Dataset records below:

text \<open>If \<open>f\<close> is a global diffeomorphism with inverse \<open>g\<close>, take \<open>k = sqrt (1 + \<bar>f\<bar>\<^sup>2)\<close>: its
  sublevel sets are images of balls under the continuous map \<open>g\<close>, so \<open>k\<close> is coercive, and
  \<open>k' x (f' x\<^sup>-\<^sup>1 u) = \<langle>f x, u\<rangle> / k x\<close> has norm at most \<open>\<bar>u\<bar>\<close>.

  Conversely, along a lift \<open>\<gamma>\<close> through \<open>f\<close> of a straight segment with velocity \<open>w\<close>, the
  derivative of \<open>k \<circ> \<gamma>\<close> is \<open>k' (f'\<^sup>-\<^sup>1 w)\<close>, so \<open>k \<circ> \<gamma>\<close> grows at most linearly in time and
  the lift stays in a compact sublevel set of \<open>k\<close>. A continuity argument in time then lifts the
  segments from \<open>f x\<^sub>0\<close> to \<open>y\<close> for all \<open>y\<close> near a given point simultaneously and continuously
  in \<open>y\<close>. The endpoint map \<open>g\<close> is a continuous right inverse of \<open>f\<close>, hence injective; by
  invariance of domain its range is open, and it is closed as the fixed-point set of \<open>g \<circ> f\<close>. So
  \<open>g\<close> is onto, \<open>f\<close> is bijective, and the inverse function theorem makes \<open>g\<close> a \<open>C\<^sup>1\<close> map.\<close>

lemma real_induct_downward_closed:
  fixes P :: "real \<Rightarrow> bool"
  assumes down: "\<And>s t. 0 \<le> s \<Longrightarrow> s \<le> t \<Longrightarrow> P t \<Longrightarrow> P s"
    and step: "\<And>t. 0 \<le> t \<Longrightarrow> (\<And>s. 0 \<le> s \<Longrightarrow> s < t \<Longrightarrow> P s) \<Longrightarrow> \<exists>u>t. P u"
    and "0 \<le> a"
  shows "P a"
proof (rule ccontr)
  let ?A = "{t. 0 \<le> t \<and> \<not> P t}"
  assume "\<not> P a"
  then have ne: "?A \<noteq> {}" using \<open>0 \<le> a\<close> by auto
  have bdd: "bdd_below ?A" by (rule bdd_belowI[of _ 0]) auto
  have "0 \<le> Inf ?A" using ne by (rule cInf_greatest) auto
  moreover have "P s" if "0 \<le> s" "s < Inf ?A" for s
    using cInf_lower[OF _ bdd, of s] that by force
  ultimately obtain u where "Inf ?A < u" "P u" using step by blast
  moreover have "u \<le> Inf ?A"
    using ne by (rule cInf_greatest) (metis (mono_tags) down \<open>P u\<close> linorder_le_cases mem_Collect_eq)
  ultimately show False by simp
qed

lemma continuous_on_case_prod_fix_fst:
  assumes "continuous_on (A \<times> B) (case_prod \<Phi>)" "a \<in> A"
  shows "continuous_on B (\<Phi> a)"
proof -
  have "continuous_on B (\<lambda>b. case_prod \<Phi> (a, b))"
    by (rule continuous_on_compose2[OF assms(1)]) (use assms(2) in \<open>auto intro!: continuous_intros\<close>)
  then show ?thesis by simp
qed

End of Dataset records.

▶ Problem statement: Word for word, copy out the data.

▶ Answer to this exercise:
text \<open>If \<open>f\<close> is a global diffeomorphism with inverse \<open>g\<close>, take \<open>k = sqrt (1 + \<bar>f\<bar>\<^sup>2)\<close>: its
  sublevel sets are images of balls under the continuous map \<open>g\<close>, so \<open>k\<close> is coercive, and
  \<open>k' x (f' x\<^sup>-\<^sup>1 u) = \<langle>f x, u\<rangle> / k x\<close> has norm at most \<open>\<bar>u\<bar>\<close>.

  Conversely, along a lift \<open>\<gamma>\<close> through \<open>f\<close> of a straight segment with velocity \<open>w\<close>, the
  derivative of \<open>k \<circ> \<gamma>\<close> is \<open>k' (f'\<^sup>-\<^sup>1 w)\<close>, so \<open>k \<circ> \<gamma>\<close> grows at most linearly in time and
  the lift stays in a compact sublevel set of \<open>k\<close>. A continuity argument in time then lifts the
  segments from \<open>f x\<^sub>0\<close> to \<open>y\<close> for all \<open>y\<close> near a given point simultaneously and continuously
  in \<open>y\<close>. The endpoint map \<open>g\<close> is a continuous right inverse of \<open>f\<close>, hence injective; by
  invariance of domain its range is open, and it is closed as the fixed-point set of \<open>g \<circ> f\<close>. So
  \<open>g\<close> is onto, \<open>f\<close> is bijective, and the inverse function theorem makes \<open>g\<close> a \<open>C\<^sup>1\<close> map.\<close>

lemma real_induct_downward_closed:
  fixes P :: "real \<Rightarrow> bool"
  assumes down: "\<And>s t. 0 \<le> s \<Longrightarrow> s \<le> t \<Longrightarrow> P t \<Longrightarrow> P s"
    and step: "\<And>t. 0 \<le> t \<Longrightarrow> (\<And>s. 0 \<le> s \<Longrightarrow> s < t \<Longrightarrow> P s) \<Longrightarrow> \<exists>u>t. P u"
    and "0 \<le> a"
  shows "P a"
proof (rule ccontr)
  let ?A = "{t. 0 \<le> t \<and> \<not> P t}"
  assume "\<not> P a"
  then have ne: "?A \<noteq> {}" using \<open>0 \<le> a\<close> by auto
  have bdd: "bdd_below ?A" by (rule bdd_belowI[of _ 0]) auto
  have "0 \<le> Inf ?A" using ne by (rule cInf_greatest) auto
  moreover have "P s" if "0 \<le> s" "s < Inf ?A" for s
    using cInf_lower[OF _ bdd, of s] that by force
  ultimately obtain u where "Inf ?A < u" "P u" using step by blast
  moreover have "u \<le> Inf ?A"
    using ne by (rule cInf_greatest) (metis (mono_tags) down \<open>P u\<close> linorder_le_cases mem_Collect_eq)
  ultimately show False by simp
qed

lemma continuous_on_case_prod_fix_fst:
  assumes "continuous_on (A \<times> B) (case_prod \<Phi>)" "a \<in> A"
  shows "continuous_on B (\<Phi> a)"
proof -
  have "continuous_on B (\<lambda>b. case_prod \<Phi> (a, b))"
    by (rule continuous_on_compose2[OF assms(1)]) (use assms(2) in \<open>auto intro!: continuous_intros\<close>)
  then show ?thesis by simp
qed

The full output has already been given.